For less than the cost of a Big Mac Combo + 10-piece McNuggets, you have a thinking machine at your fingertips that has read more than any human who has ever lived. Every paper, every RFC, every poem written by Rumi, every post-mortem published by Google, every decision that led to the invention of the internet, every obscure kernel mailing list thread from 2009 that turns out to be the only documentation for the thing that’s breaking your system right now. It’s sitting there. Waiting for you to ask.
The information asymmetry that defined every power structure in human history — the one that let the informed minority win every single round — is gone. Dissolved. Equalized. For the first time ever, the villagers have access to the same information the werewolves do.
And most of them are using it to rewrite emails no one’s going to read, or asking what temperature to cook a f*cking chicken breast at for the fourth goddamn time this year.

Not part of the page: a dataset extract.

(* The assignment $\mathcal{P}$ described below is an algebra over the operad $\mathcal{W}$ of black boxes and wiring diagrams; that is: (1) (identity law) for every black box $Z$ and every $f\in\mathcal{P}(Z)$, $\mathcal{P}(\mathrm{id}_Z)(f)=f$; (2) (composition law) for every wiring diagram $\psi\colon (Y(i))_{i\in n}\to Z$, every family of wiring diagrams $\phi_i\colon (X_j)_{j\in m_i}\to Y(i)$ ($i\in n$), and every family of propagators $f_j\in\mathcal{P}(X_j)$ ($j\in m=\coprod_i m_i$), one has $$\mathcal{P}\big(\psi\circ(\phi_i)_{i\in n}\big)\big((f_j)_{j\in m}\big)=\mathcal{P}(\psi)\Big(\big(\mathcal{P}(\phi_i)((f_j)_{j\in m_i})\big)_{i\in n}\Big).$$
   Context: Wiring diagrams. A black box $X=(\mathrm{in}(X),\mathrm{out}(X),{\tt vset})$: finite sets of input and output wires with ${\tt vset}$ assigning a pointed set to each wire. For a family $Y=(Y(i))_{i\in n}$ put $\mathrm{in}(Y)=\coprod_i\mathrm{in}(Y(i))$, $\mathrm{out}(Y)=\coprod_i\mathrm{out}(Y(i))$. A wiring diagram $\psi\colon Y\to Z$ consists of a finite set $\mathrm{Del}(\psi)$ of delay nodes with pointed sets ${\tt vset}(d)$ and a supplier assignment $s_\psi\colon\mathrm{Dem}(\psi)=\mathrm{out}(Z)\amalg\mathrm{in}(Y)\amalg\mathrm{Del}(\psi)\to\mathrm{Sup}(\psi)=\mathrm{in}(Z)\amalg\mathrm{out}(Y)\amalg\mathrm{Del}(\psi)$ preserving ${\tt vset}$ with $s_\psi(\mathrm{out}(Z))\subseteq\mathrm{out}(Y)\amalg\mathrm{Del}(\psi)$ (identified up to bijection of delay nodes). $\mathrm{id}_Z$ has no delay nodes and identity supplier assignment. Composition: for $\psi\colon Y\to Z$ and $\phi_i\colon X_i\to Y(i)$, let $\phi=\bigotimes\phi_i\colon X\to Y$ be the disjoint union; $\omega=\psi\circ\phi$ has $\mathrm{Del}(\omega)=\mathrm{Del}(\phi)\amalg\mathrm{Del}(\psi)$ and $s_\omega=h\circ s_\phi|_{\mathrm{in}(X)\amalg\mathrm{Del}(\phi)}\amalg f\circ s_\psi|_{\mathrm{out}(Z)\amalg\mathrm{Del}(\psi)}$ with $f=\mathrm{id}_{\mathrm{in}(Z)}\amalg s_\phi|_{\mathrm{out}(Y)}\amalg\mathrm{id}_{\mathrm{Del}(\psi)}\colon\mathrm{Sup}(\psi)\to\mathrm{Sup}(\omega)$, $h=(f\circ s_\psi)|_{\mathrm{in}(Y)}\amalg\mathrm{id}_{\mathrm{out}(X)}\amalg\mathrm{id}_{\mathrm{Del}(\phi)}\colon\mathrm{Sup}(\phi)\to\mathrm{Sup}(\omega)$, where $\mathrm{Sup}(\omega)=\mathrm{in}(Z)\amalg\mathrm{out}(X)\amalg\mathrm{Del}(\omega)$. Lists and propagators. $\mathrm{List}(S)=\coprod_{t\in\mathbb{N}}S^t$; $\partial\ell$ drops the last entry of a nonempty list; $[\,]$ is the empty list. A list of tuples in $\prod_k S_k$ is identified with a tuple of lists of equal length ("zipping"). An $n$-historical propagator $f\colon\mathrm{List}(R)\to\mathrm{List}(S)$ satisfies $|f(\ell)|=|\ell|+n$ and $\partial f(\ell)=f(\partial\ell)$ for $|\ell|\ge1$; $\mathrm{Hist}^n(R,S)$ is their set. For a set $I$ of wires put ${\tt vset}_I=\prod_{i\in I}{\tt vset}(i)$ (a one-point set if $I=\emptyset$), and write $\overline{I}=\mathrm{List}({\tt vset}_I)$. The algebra $\mathcal{P}$. On objects, $\mathcal{P}(Z)=\mathrm{Hist}^1({\tt vset}_{\mathrm{in}(Z)},{\tt vset}_{\mathrm{out}(Z)})$. On a wiring diagram $\psi\colon (Y(i))_{i\in n}\to Z$ and $g_i\in\mathcal{P}(Y(i))$: let $g=\prod_i g_i\colon\overline{\mathrm{in}(Y)}\to\overline{\mathrm{out}(Y)}$ (applied componentwise after unzipping). Let $\mathrm{inDem}(\psi)=\mathrm{in}(Y)\amalg\mathrm{Del}(\psi)$ and $\mathrm{inSup}(\psi)=\mathrm{out}(Y)\amalg\mathrm{Del}(\psi)$. Define $S_\psi=\mathrm{List}(\pi_{s_\psi})\colon\overline{\mathrm{Sup}(\psi)}\to\overline{\mathrm{Dem}(\psi)}$ where $\pi_{s_\psi}((x_a)_{a\in\mathrm{Sup}})=(x_{s_\psi(d)})_{d\in\mathrm{Dem}}$; $S'_\psi=\pi_{\overline{\mathrm{inDem}(\psi)}}\circ S_\psi\colon\overline{\mathrm{Sup}(\psi)}\to\overline{\mathrm{inDem}(\psi)}$; $S''_\psi=\mathrm{List}(\pi_{s_\psi|_{\mathrm{out}(Z)}})\colon\overline{\mathrm{inSup}(\psi)}\to\overline{\mathrm{out}(Z)}$. Let $\delta^1_\psi\colon\overline{\mathrm{Del}(\psi)}\to\overline{\mathrm{Del}(\psi)}$ be the 1-moment delay, prepending the basepoint: $\delta^1(\ell)=[*,\ell(1),\dots,\ell(t)]$. Set $E_{\psi,g}=g\times\delta^1_\psi\colon\overline{\mathrm{inDem}(\psi)}\to\overline{\mathrm{inSup}(\psi)}$, and define $C_{\psi,g}\colon\overline{\mathrm{in}(Z)}\to\overline{\mathrm{Sup}(\psi)}$ recursively by $C_{\psi,g}([\,])=[\,]$ and, for $|\ell|\geq1$, $C_{\psi,g}(\ell)=\big(\ell,\;E_{\psi,g}\circ S'_\psi\circ C_{\psi,g}(\partial\ell)\big)$ (a pair of equal-length lists in $\overline{\mathrm{in}(Z)}\times\overline{\mathrm{inSup}(\psi)}=\overline{\mathrm{Sup}(\psi)}$). Then $\mathcal{P}(\psi)(g_1,\dots,g_n)=S''_\psi\circ E_{\psi,g}\circ S'_\psi\circ C_{\psi,g}\in\mathcal{P}(Z)$. *)

theory Defs
  imports "HOL-Library.FuncSet"
begin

Nobody’s coming for your job. Your job is being taken by someone who had access to the exact same tools you did and treated them like a curriculum instead of a calculator.
Twenty bucks a month buys you access to all of it. The only question is whether you actually learn from it — or keep treating it like a bottomless vending machine for answers you’ll forget by Friday.
Don’t be a villager. Be a werewolf. Werewolves stay well informed, and well-fed.
P.S. — This article was written with the help of Claude. And yes, I actually learned something while writing it. Practice what you preach.